1889

S ilence. Dead silence.

The silence was all around them. No birds sang; there was no wind. Here in this desolate place, it seemed to her that even the weather had ceased to be. The sky was white, a blank canvas. No rain fell; no sun shone. There was only death.

She stepped forward. Faint with fear, nauseated by grief, she stood beside the grave for a long time, cradling the almost weightless bundle. The silence was so intense she could almost touch it. She turned quickly, seized by dread. But the man had not abandoned her. There he stood, not looking at her, his pale face shadowed beneath the trees.

“It is time,” he said.

Slowly she knelt down. She slid the baby’s swaddled body from her arms into the waiting earth. As she did so she felt his head loll backwards on his tiny neck, as if it still held life.

She began to weep, her stricken sobs piercing the air while the man shovelled soil into the hole, firmed it with his foot and covered it with sodden leaves, handful after handful until all sign of the disturbance of the earth had disappeared.

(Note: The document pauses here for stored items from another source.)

(* Let $n\ge 2$, let $R$ be the full, complete rooted binary tree whose leaves are $1,\dots,n$ from left to right, and let $T$ be any full rooted binary tree whose leaves are $1,\dots,n$ from left to right. Let $p,s$ be two distinct nodes of $T$, and let $a,b$ be nodes of $R$ with $a\in X_{I_T(p)}$ and $b\in X_{I_T(s)}$. If $a\preceq_R b$, then $p\preceq_T s$ or $s\preceq_T p$. Moreover, if $a\prec_R b$, then $p\prec_T s$.
   Context: A rooted binary tree is full if every internal node has exactly two children, and complete if all levels are completely filled except possibly the last, where leaves are left-aligned; trees here are ordered (children are left/right), so leaves are read left to right. For a node $x$ of such a tree $T$, $I_T(x)$ denotes the set of leaves of the subtree rooted at $x$; it is an interval of $[n]$. For an interval $I\subseteq[n]$, $X_I$ denotes the (unique) minimum-cardinality set of nodes of $R$ such that the leaf sets $I_R(x)$, $x\in X_I$, partition $I$. In a rooted tree, $u\prec u'$ means $u$ is a strict ancestor of $u'$, and $u\preceq u'$ means $u=u'$ or $u\prec u'$. *)

theory Defs
  imports Main "HOL-Library.Sublist"
begin

text \<open>Every tree of this datatype is full:
  each internal node has exactly two children. Nodes are addressed by their path from
  the root (False = left child, True = right child); the ancestor relation u \<preceq> u'
  is then the prefix relation on paths.\<close>

datatype btree = Leaf | Node btree btree

fun nleaves :: "btree \<Rightarrow> nat" where
  "nleaves Leaf = 1"
| "nleaves (Node l r) = nleaves l + nleaves r"
definition smooth_max_energy ::
  "real \<Rightarrow> 'l set \<Rightarrow> 'v set \<Rightarrow> ('v \<times> 'v) set \<Rightarrow> ('v \<Rightarrow> 'l \<Rightarrow> real)
   \<Rightarrow> ('v \<Rightarrow> 'v \<Rightarrow> 'l \<Rightarrow> 'l \<Rightarrow> real) \<Rightarrow> real" where
  "smooth_max_energy \<gamma> Ls Vt Et psit phi =
     \<gamma> * ln (\<Sum>x\<in>labelings Vt Ls. exp (tree_energy Vt Et psit phi x / \<gamma>))"

definition smooth_max_marginal ::
  "real \<Rightarrow> 'l set \<Rightarrow> 'v set \<Rightarrow> ('v \<times> 'v) set \<Rightarrow> ('v \<Rightarrow> 'l \<Rightarrow> real)
   \<Rightarrow> ('v \<Rightarrow> 'v \<Rightarrow> 'l \<Rightarrow> 'l \<Rightarrow> real) \<Rightarrow> 'v \<Rightarrow> 'l \<Rightarrow> real" where
  "smooth_max_marginal \<gamma> Ls Vt Et psit phi i l =
     \<gamma> * ln (\<Sum>x\<in>{x \<in> labelings Vt Ls. x i = l}. exp (tree_energy Vt Et psit phi x / \<gamma>))"

definition trees_at :: "'t set \<Rightarrow> ('t \<Rightarrow> 'v set) \<Rightarrow> 'v \<Rightarrow> 't set" where
  "trees_at T Vt i = {t \<in> T. i \<in> Vt t}"

definition feasible ::
  "'v set \<Rightarrow> 'l set \<Rightarrow> 't set \<Rightarrow> ('t \<Rightarrow> 'v set) \<Rightarrow> ('v \<Rightarrow> 'l \<Rightarrow> real)
   \<Rightarrow> ('t \<Rightarrow> 'v \<Rightarrow> 'l \<Rightarrow> real) \<Rightarrow> bool" where
  "feasible V Ls T Vt psi psiT \<longleftrightarrow>
     (\<forall>i\<in>V. \<forall>l\<in>Ls. (\<Sum>t\<in>trees_at T Vt i. psiT t i l) = psi i l)"

definition smooth_dual ::
  "real \<Rightarrow> 'l set \<Rightarrow> 't set \<Rightarrow> ('t \<Rightarrow> 'v set) \<Rightarrow> ('t \<Rightarrow> ('v \<times> 'v) set)
   \<Rightarrow> ('v \<Rightarrow> 'v \<Rightarrow> 'l \<Rightarrow> 'l \<Rightarrow> real) \<Rightarrow> ('t \<Rightarrow> 'v \<Rightarrow> 'l \<Rightarrow> real) \<Rightarrow> real" where
  "smooth_dual \<gamma> Ls T Vt Et phi psiT =
     (\<Sum>t\<in>T. smooth_max_energy \<gamma> Ls (Vt t) (Et t) (psiT t) phi)"

end

theory Submission imports Defs "HOL-Analysis.Convex" begin

text \<open>Both the max-energy and the max-marginals are smoothed maxima of the tree energy.
  The update rewrites the energy of the new potentials of a tree t as a convex combination:
  weight 1 - |V^t|/|V^0| on the old energy, and weight 1/|V^0| on each of the energies
  E - \<nu>^t_i(x_i) + \<mu>_i(x_i), i \<in> V^t, where \<mu>_i is the mean of the \<nu>^t_i over T(i).
  By convexity of the smoothed maximum, the new \<nu>^t is at most the same combination of the
  smoothed maxima, and the smoothed maximum of E - \<nu>^t_i(x_i) + \<mu>_i(x_i) collapses to the
  smoothed maximum of \<mu>_i over the labels. Convexity once more bounds the latter by the mean
  of the \<nu>^t over T(i); summing over all trees and exchanging the order of summation, the
  terms |V^t| \<nu>^t cancel.\<close>

definition smooth_max :: "real \<Rightarrow> 'a set \<Rightarrow> ('a \<Rightarrow> real) \<Rightarrow> real" where
  "smooth_max \<gamma> X f = \<gamma> * ln (\<Sum>x\<in>X. exp (f x / \<gamma>))"

lemma smooth_max_energy_eq_smooth_max:
  "smooth_max_energy \<gamma> Ls Vt Et psit phi = smooth_max \<gamma> (labelings Vt Ls) (tree_energy Vt Et psit phi)"
  by (simp add: smooth_max_energy_def smooth_max_def)

lemma smooth_max_marginal_eq_smooth_max:
  "smooth_max_marginal \<gamma> Ls Vt Et psit phi i l
     = smooth_max \<gamma> {x \<in> labelings Vt Ls. x i = l} (tree_energy Vt Et psit phi)"
  by (simp add: smooth_max_marginal_def smooth_max_def)

lemma smooth_max_cong:
  "(\<And>x. x \<in> X \<Longrightarrow> f x = g x) \<Longrightarrow> smooth_max \<gamma> X f = smooth_max \<gamma> X g"
  by (simp add: smooth_max_def)

lemma exp_smooth_max:
  assumes "finite X" "X \<noteq> {}" "\<gamma> \<noteq> 0"
  shows "exp (smooth_max \<gamma> X f / \<gamma>) = (\<Sum>x\<in>X. exp (f x / \<gamma>))"
proof -
  have "(\<Sum>x\<in>X. exp (f x / \<gamma>)) > 0"
    using assms by (intro sum_pos) auto
  then show ?thesis
    using assms by (simp add: smooth_max_def)
qed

Exhausted now, she knelt silently, but she did not listen to his prayer. Her ears were assailed by screams. Inhuman screams. First one, then more and more crows darted between the trees and settled nearby. Their ragged feathers and glittering eyes were repellent to her, a vision of horror.

“This place is cursed,” she told the man. “I will never return here.”

The man’s gaze did not shift from the grave. His voice was a whisper. “Neither will I.” He wiped his hands on his handkerchief and shouldered the shovel. “We will never again pay respects at our son’s grave.”

“What need is there to pay respects?” she asked. “Our son is not dead.”